Because he swung around and looked at her, and dragged her into his arms and kissed her witless. Then he stepped away. “Now,” he whispered in a husky voice low as the dreaming night, “go to Mrs. Oliver’s door. Leave the note. Then scurry to your cabin. And don’t look back.”

She did as he asked, fast as she could. But at the last, when her door was almost shut, she looked back. There was nothing to see but the flickering lamplight. So she never knew how long he stood with his back against his closed door, swearing softly under his breath.

 

The passengers stood with their bags and cases, waiting to leave the ship. London! They’d seen the city rising from the sea as they’d neared it. They’d watched, less patiently, as the ship dropped anchor. But customs officials came aboard and made everyone wait while they checked papers and asked questions. The passengers were made to sign declarations, show the contents of their cases, and watch customs men shuffling papers.

“One would think we were still at war,” Mrs. Oliver huffed.

“One would want to declare war, they’re taking so long,” Lucy said with a smile.

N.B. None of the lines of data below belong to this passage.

lemma tv_closeI_one_sided:
  assumes "\<And>h. (\<forall>x. h x \<in> {0..1}) \<Longrightarrow>
    measure_pmf.expectation P h - measure_pmf.expectation Q h \<le> d"
  shows "tv_close P Q d"
  unfolding tv_close_def
proof (intro allI impI)
  fix h :: "'a \<Rightarrow> real"
  assume h: "\<forall>x. h x \<in> {0..1}"
  then have "\<forall>x. 1 - h x \<in> {0..1}" by auto
  moreover have "integrable (measure_pmf M) h" for M
    using h by (intro integrable_measure_pmf_unit_interval) simp
  then have "measure_pmf.expectation M (\<lambda>x. 1 - h x) = 1 - measure_pmf.expectation M h" for M
    by simp
  ultimately show "\<bar>measure_pmf.expectation P h - measure_pmf.expectation Q h\<bar> \<le> d"
    using assms[OF h] assms[of "\<lambda>x. 1 - h x"] by (simp add: abs_le_iff)
qed

lemma tv_close_bind_pmf:
  assumes "tv_close P Q d" and "\<And>x. x \<in> set_pmf P \<Longrightarrow> tv_close (f x) (g x) e"
  shows "tv_close (bind_pmf P f) (bind_pmf Q g) (d + e)"
  unfolding tv_close_def
proof (intro allI impI)
  fix h :: "'b \<Rightarrow> real"
  assume h: "\<forall>x. h x \<in> {0..1}"
  define F G where "F x = measure_pmf.expectation (f x) h" and "G x = measure_pmf.expectation (g x) h" for x
  have F: "F x \<in> {0..1}" and G: "G x \<in> {0..1}" for x
    unfolding F_def G_def using expectation_unit_interval h by blast+
  have FG: "\<bar>F x - G x\<bar> \<le> e" if "x \<in> set_pmf P" for x
    using assms(2)[OF that] h unfolding tv_close_def F_def G_def by blast
  have int_F: "integrable (measure_pmf P) F" and int_G: "integrable (measure_pmf P) G"
    using F G by (blast intro: integrable_measure_pmf_unit_interval)+
  then have int_FG: "integrable (measure_pmf P) (\<lambda>x. F x - G x)" by simp
  have "AE x in measure_pmf P. F x - G x \<le> e" "AE x in measure_pmf P. -e \<le> F x - G x"
    by (intro AE_pmfI; use FG in \<open>force simp: abs_le_iff\<close>)+
  with int_FG have "measure_pmf.expectation P (\<lambda>x. F x - G x) \<le> e"
    and "-e \<le> measure_pmf.expectation P (\<lambda>x. F x - G x)"
    by (blast intro: measure_pmf.integral_le_const measure_pmf.integral_ge_const)+
  moreover have "\<bar>measure_pmf.expectation P G - measure_pmf.expectation Q G\<bar> \<le> d"
    using assms(1) G unfolding tv_close_def by blast
  moreover have h_bound: "\<bar>h x\<bar> \<le> 1" for x
    using h by (simp add: abs_le_iff)
  ultimately show "\<bar>measure_pmf.expectation (bind_pmf P f) h
      - measure_pmf.expectation (bind_pmf Q g) h\<bar> \<le> d + e"
    unfolding expectation_bind_pmf_bounded[OF h_bound] F_def[symmetric] G_def[symmetric]
      Bochner_Integration.integral_diff[OF int_F int_G]
    by linarith
qed

lemma tv_close_iid: "tv_close P Q d \<Longrightarrow> tv_close (iid m P) (iid m Q) (m * d)"
proof (induction m)
  case (Suc m)
  have "tv_close (iid (Suc m) P) (iid (Suc m) Q) (d + m * d)"
    unfolding iid.simps by (intro tv_close_bind_pmf tv_close_map_pmf Suc)
  then show ?case by (simp add: algebra_simps)
qed (simp add: tv_close_refl)

lemma tv_close_prob:
  assumes "tv_close P Q d"
  shows "\<bar>measure_pmf.prob P E - measure_pmf.prob Q E\<bar> \<le> d"
proof -
  have "\<forall>x. indicator E x \<in> {0::real..1}" by (simp add: indicator_def)
  with assms have "\<bar>measure_pmf.expectation P (indicator E)
      - measure_pmf.expectation Q (indicator E)\<bar> \<le> d"
    unfolding tv_close_def by blast
  then show ?thesis by simp
qed

lemma dtv_map_pmf_le: "dtv (map_pmf f P) (map_pmf f Q) \<le> dtv P Q"
  unfolding dtv_def
proof (rule cSUP_least)
  fix E
  have "bdd_above (range (\<lambda>E. \<bar>measure_pmf.prob P E - measure_pmf.prob Q E\<bar>))"
  proof (rule bdd_aboveI[of _ 1], clarify)
    fix E
    have "measure_pmf.prob P E \<le> 1" "measure_pmf.prob Q E \<le> 1" by simp_all
    then show "\<bar>measure_pmf.prob P E - measure_pmf.prob Q E\<bar> \<le> 1"
      using measure_nonneg[of P E] measure_nonneg[of Q E] by linarith
  qed
  then show "\<bar>measure_pmf.prob (map_pmf f P) E - measure_pmf.prob (map_pmf f Q) E\<bar>
      \<le> (SUP E. \<bar>measure_pmf.prob P E - measure_pmf.prob Q E\<bar>)"
    using cSUP_upper[OF UNIV_I, of _ "f -` E"] by simp
qed simp

lemma learner_on_close_samples:
  fixes L :: "'a list \<Rightarrow> 'a pmf pmf" and f :: "'a \<Rightarrow> 'b"
  assumes "tv_close P S d"
  shows "measure_pmf.prob (bind_pmf (iid q S) L) {H. dtv S H \<le> eps} - q * d
    \<le> measure_pmf.prob (map_pmf (map_pmf f) (bind_pmf (iid q P) L)) {H. dtv (map_pmf f S) H \<le> eps}"
proof -
  have close: "tv_close (bind_pmf (iid q P) L) (bind_pmf (iid q S) L) (q * d + 0)"
    by (intro tv_close_bind_pmf tv_close_iid assms tv_close_refl)
  have "measure_pmf.prob (bind_pmf (iid q S) L) {H. dtv S H \<le> eps} - q * d
      \<le> measure_pmf.prob (bind_pmf (iid q P) L) {H. dtv S H \<le> eps}"
    using tv_close_prob[OF close, of "{H. dtv S H \<le> eps}"] by (simp add: abs_le_iff)
  also have "\<dots> \<le> measure_pmf.prob (bind_pmf (iid q P) L)
      (map_pmf f -` {H. dtv (map_pmf f S) H \<le> eps})"
    by (intro measure_pmf.finite_measure_mono) (auto intro: order_trans[OF dtv_map_pmf_le])
  finally show ?thesis by simp
qed

section \<open>Shifting a symmetric binomial distribution\<close>

lemma central_binomial_Suc:
  "Suc r * ((2 * Suc r) choose Suc r) = 2 * (2 * r + 1) * ((2 * r) choose r)"
proof -
  have "Suc (2 * r) - r = Suc r" by simp
  then have mirror: "Suc (2 * r) choose r = Suc (2 * r) choose Suc r"
    using binomial_symmetric[of r "Suc (2 * r)"] by (simp del: binomial_Suc_Suc)
  have "Suc r * (Suc r * ((2 * Suc r) choose Suc r)) = Suc r * (2 * (Suc r * (Suc (2 * r) choose Suc r)))"
    using Suc_times_binomial[of r "Suc (2 * r)"] mirror by (simp del: binomial_Suc_Suc)
  also have "\<dots> = Suc r * (2 * (2 * r + 1) * ((2 * r) choose r))"
    using Suc_times_binomial[of r "2 * r"] by (simp del: binomial_Suc_Suc)
  finally show ?thesis by (metis mult_cancel1 nat.distinct(1))
qed

lemma central_binomial_upper_bound:
  "(real ((2 * r) choose r) / 4 ^ r)\<^sup>2 * (2 * r + 1) \<le> 1"
proof (induction r)
  case (Suc r)
  define t z z' where "t = real r" and "z = real ((2 * r) choose r) / 4 ^ r"
    and "z' = real ((2 * Suc r) choose Suc r) / 4 ^ Suc r"
  have "(2 * t + 2) * real ((2 * Suc r) choose Suc r) = 4 * (2 * t + 1) * real ((2 * r) choose r)"
    using arg_cong[OF central_binomial_Suc[of r], of "\<lambda>n. 2 * real n"] unfolding t_def
    by (simp del: binomial_Suc_Suc add: algebra_simps)
  then have step: "(2 * t + 2) * z' = (2 * t + 1) * z"
    unfolding z_def z'_def by (simp add: field_simps del: binomial_Suc_Suc)
  have "((2 * t + 2) * z')\<^sup>2 * (2 * t + 3) = (z\<^sup>2 * (2 * t + 1)) * ((2 * t + 1) * (2 * t + 3))"
    unfolding step by (simp add: power2_eq_square algebra_simps)
  also have "\<dots> \<le> 1 * (2 * t + 2)\<^sup>2"
    using Suc.IH unfolding z_def t_def
    by (intro mult_mono) (auto simp: power2_eq_square algebra_simps)
  finally have "(2 * t + 2)\<^sup>2 * (z'\<^sup>2 * (2 * t + 3)) \<le> (2 * t + 2)\<^sup>2 * 1"
    by (simp add: power_mult_distrib mult_ac)
  then have "z'\<^sup>2 * (2 * t + 3) \<le> 1"
    by (rule mult_left_le_imp_le) (simp add: t_def add_pos_nonneg)
  then show ?case unfolding z'_def t_def by (simp add: algebra_simps)
qed simp

lemma smoothing_error_le:
  fixes X delta :: real
  assumes "0 \<le> X" and "0 < delta" and "(2 * X / delta)\<^sup>2 \<le> R"
  shows "X * (real ((2 * R) choose R) / 4 ^ R) \<le> delta / 2"
proof -
  define z where "z = real ((2 * R) choose R) / 4 ^ R"
  have "(2 * X)\<^sup>2 \<le> R * delta\<^sup>2"
    using assms(2,3) by (simp add: power_divide divide_le_eq)
  have "(2 * X * z)\<^sup>2 * (2 * R + 1) = (2 * X)\<^sup>2 * (z\<^sup>2 * (2 * R + 1))"
    by (simp add: power_mult_distrib)
  also have "\<dots> \<le> (2 * X)\<^sup>2 * 1"
    using central_binomial_upper_bound[of R, folded z_def] by (intro mult_left_mono) simp_all
  also have "\<dots> \<le> delta\<^sup>2 * (2 * R + 1)"
  proof -
    have "delta\<^sup>2 * (2 * R + 1) = 2 * (R * delta\<^sup>2) + delta\<^sup>2" by (simp add: algebra_simps)
    moreover have "0 \<le> R * delta\<^sup>2" by simp
    ultimately show ?thesis
      using \<open>(2 * X)\<^sup>2 \<le> R * delta\<^sup>2\<close> zero_le_power2[of delta] by linarith
  qed
  finally have "(2 * X * z)\<^sup>2 * (2 * R + 1) \<le> delta\<^sup>2 * (2 * R + 1)" .
  then have "(2 * X * z)\<^sup>2 \<le> delta\<^sup>2"
    by (rule mult_right_le_imp_le) simp
  then have "2 * X * z \<le> delta"
    by (rule power2_le_imp_le) (use assms(2) in simp)
  then show ?thesis
    unfolding z_def[symmetric] by simp
qed

lemma sum_shifted_minus_sum:
  fixes f h :: "nat \<Rightarrow> real"
  assumes "f (Suc n) = 0"
  shows "(\<Sum>k\<le>n. f k * h (Suc k)) - (\<Sum>k\<le>n. f k * h k)
    = (\<Sum>k<Suc (Suc n). h k * ((if k = 0 then 0 else f (k - 1)) - f k))"
proof -
  have "(\<Sum>k<Suc (Suc n). h k * (if k = 0 then 0 else f (k - 1))) = (\<Sum>k\<le>n. f k * h (Suc k))"
    by (subst sum.lessThan_Suc_shift) (simp add: lessThan_Suc_atMost mult.commute)
  moreover have "(\<Sum>k<Suc (Suc n). h k * f k) = (\<Sum>k\<le>n. f k * h k)"
    using assms by (simp add: lessThan_Suc_atMost mult.commute)
  ultimately show ?thesis
    by (simp add: right_diff_distrib sum_subtractf)
qed

lemma sum_positive_decrements_unimodal:
  fixes f :: "nat \<Rightarrow> real"
  assumes up: "\<And>k. k < r \<Longrightarrow> f k \<le> f (Suc k)"
    and down: "\<And>k. r \<le> k \<Longrightarrow> f (Suc k) \<le> f k"
    and "0 \<le> f 0" and "f (Suc n) = 0" and "r \<le> n"
  shows "(\<Sum>k<Suc (Suc n). max 0 ((if k = 0 then 0 else f (k - 1)) - f k)) = f r"
proof -
  define g where "g k = max 0 ((if k = 0 then 0 else f (k - 1)) - f k)" for k
  have "(\<Sum>k<Suc (Suc n). g k)
      = (\<Sum>k\<in>{0..<Suc r}. g k) + (\<Sum>k\<in>{Suc r..<Suc (Suc n)}. g k)"
    using \<open>r \<le> n\<close> by (subst sum.atLeastLessThan_concat) (auto simp: atLeast0LessThan)
  also have "(\<Sum>k\<in>{0..<Suc r}. g k) = 0"
    using \<open>0 \<le> f 0\<close> up by (intro sum.neutral) (auto simp: g_def gr0_conv_Suc)
  also have "(\<Sum>k\<in>{Suc r..<Suc (Suc n)}. g k) = (\<Sum>k\<in>{r..<Suc n}. g (Suc k))"
    by (rule sum.shift_bounds_Suc_ivl)
  also have "\<dots> = (\<Sum>k\<in>{r..<Suc n}. f k - f (Suc k))"
    by (rule sum.cong) (auto simp: g_def down)
  also have "\<dots> = f r"
    using \<open>r \<le> n\<close> \<open>f (Suc n) = 0\<close>
    by (subst sum_Suc_diff'[where f = "\<lambda>k. - f k", simplified]) simp_all
  finally show ?thesis unfolding g_def by simp
qed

But Mrs. Oliver didn’t favor her with an answering one. Lucy’s heart sank, wondering if somehow the older woman knew about her midnight folly. Until she remembered the reason they weren’t speaking had precisely to do with the fact that Mrs. Oliver never saw midnight anymore, and had encouraged her to drug herself insensible, too.

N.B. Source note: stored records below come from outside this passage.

(* Let $a,c>0$ and $b,d<0$ be real numbers with $x_A<x_B$, and let $W_0(z)=1$, $W_1(z)=z$, $W_n(z)=(az+b)W_{n-1}(z)+(cz+d)W_{n-2}(z)$ for $n\ge2$. Then every $W_n(z)$ is real-rooted with $n$ distinct zeros; denoting by $R_n$ the zero set of $W_n(z)$, we have $R_n\subset(u,v)$ and $R_{n+1}$ strictly interlaces $R_n$ for every $n\ge0$. Moreover, the bound is sharp: both $u$ and $v$ are limits of zeros of $\{W_n(z)\}$.
   Context: Notation: $A(z)=az+b$, $B(z)=cz+d$, $x_A=-b/a$, $x_B=-d/c$, $\Delta_\Delta=c^2-a^2B(x_A)$, $x_\Delta^\pm=x_A+\frac{-2c\pm2\sqrt{\Delta_\Delta}}{a^2}$, $g(z)=(1-a)z^2-(b+c)z-d$, $\Delta_g=(b+c)^2+4d(1-a)$, $F=\Delta_g-\Delta_\Delta=d(a-2)^2+bc(2-a)+b^2$. The zeros of $g$ are $x_g^\pm=\frac{b+c}{2(1-a)}\pm\frac{\sqrt{\Delta_g}}{2|1-a|}$ if $a\neq1$, and $x_g^\pm=-d/(b+c)$ if $a=1$ and $b+c\ne0$. Define $(u,v)=(x_\Delta^-,x_\Delta^+)$ if $a<2$ and $F\le0$; $(u,v)=(x_g^-,x_g^+)$ if $a>2$ and $F<0$; $(u,v)=(x_g^+,x_\Delta^+)$ if $a<1$ and $F>0$; and $(u,v)=(x_g^-,x_\Delta^+)$ otherwise. For finite $X,Y\subset\mathbb{R}$ with $|X|-|Y|\in\{0,1\}$, $X$ strictly interlaces $Y$ if their elements can be ordered as $x_1<y_1<x_2<y_2<\cdots$. A number $z^*$ is a limit of zeros if there exist zeros $z_n$ of $W_n$ with $z_n\to z^*$. *)

theory Defs
  imports "HOL-Analysis.Analysis" "HOL-Computational_Algebra.Polynomial"
begin

fun W :: "real \<Rightarrow> real \<Rightarrow> real \<Rightarrow> real \<Rightarrow> nat \<Rightarrow> real poly" where
  "W a b c d 0 = 1"
| "W a b c d (Suc 0) = [:0, 1:]"
| "W a b c d (Suc (Suc n)) = [:b, a:] * W a b c d (Suc n) + [:d, c:] * W a b c d n"

definition xA :: "real \<Rightarrow> real \<Rightarrow> real" where "xA a b = - b / a"
definition xB :: "real \<Rightarrow> real \<Rightarrow> real" where "xB c d = - d / c"

definition DeltaDelta :: "real \<Rightarrow> real \<Rightarrow> real \<Rightarrow> real \<Rightarrow> real" where
  "DeltaDelta a b c d = c^2 - a^2 * (c * xA a b + d)"

definition xDelta_minus :: "real \<Rightarrow> real \<Rightarrow> real \<Rightarrow> real \<Rightarrow> real" where
  "xDelta_minus a b c d = xA a b + (- 2 * c - 2 * sqrt (DeltaDelta a b c d)) / a^2"
definition xDelta_plus :: "real \<Rightarrow> real \<Rightarrow> real \<Rightarrow> real \<Rightarrow> real" where
  "xDelta_plus a b c d = xA a b + (- 2 * c + 2 * sqrt (DeltaDelta a b c d)) / a^2"

definition Delta_g :: "real \<Rightarrow> real \<Rightarrow> real \<Rightarrow> real \<Rightarrow> real" where
  "Delta_g a b c d = (b + c)^2 + 4 * d * (1 - a)"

Jamie was in a fever of expectation. “We go to the hotel first, right, Mama?” he asked. “Perkins said it’s a grand place, and makes the ones at home look like a chicken coops by comparison.”

“Perkins is English and so of course he’d say that,” Lucy said. “I’m English too and I don’t think the ones at home are so bad.”

“Then we go meet Uncle, do we?”

“Then we meet Lord Hunt, your uncle,” Lucy corrected him.

“Then, my grandmother, right? But when will we see Lord Wycoff and Perkins again? Because Perkins said they’re not staying at the same hotel. He says Lord Wycoff has a house grander than the hotel, so why should he?”

“More grand,” Lucy said automatically, “and that’s as may be.”

“You’re welcome to visit at any time, Jamie,” Lord Wycoff said, catching the end of their conversation as he ambled toward them.

“I’d like that,” Jamie said. “Mama, Lord Wycoff
said he’d take me to the menagerie at the Tower, and that there’s lions there.”

She met Wycoff’s eyes squarely over the top of Jamie’s head. “There’s lions everywhere,” she said softly, and then looked down at Jamie. “That will be fine. When you have the time, and Lord Wycoff is free.”

“Lord Wycoff is always free,” Wycoff answered as softly, gazing at her, “to his eternal damnation, some people think.”

Lucy flushed.

“Where exactly are you staying?” he asked.

“At the Pulteney Hotel,” Jamie said. “My uncle told us to.”

“He’s paying, I hope?” Wycoff asked. Lucy nodded. “Good,” he said. “Mrs. Oliver will be delighted; it’s above her touch, I’d think.”

“Mrs. Oliver regrets that she’ll be unable to come with us,” Lucy said quickly. “She’s going straight to her brother’s house.”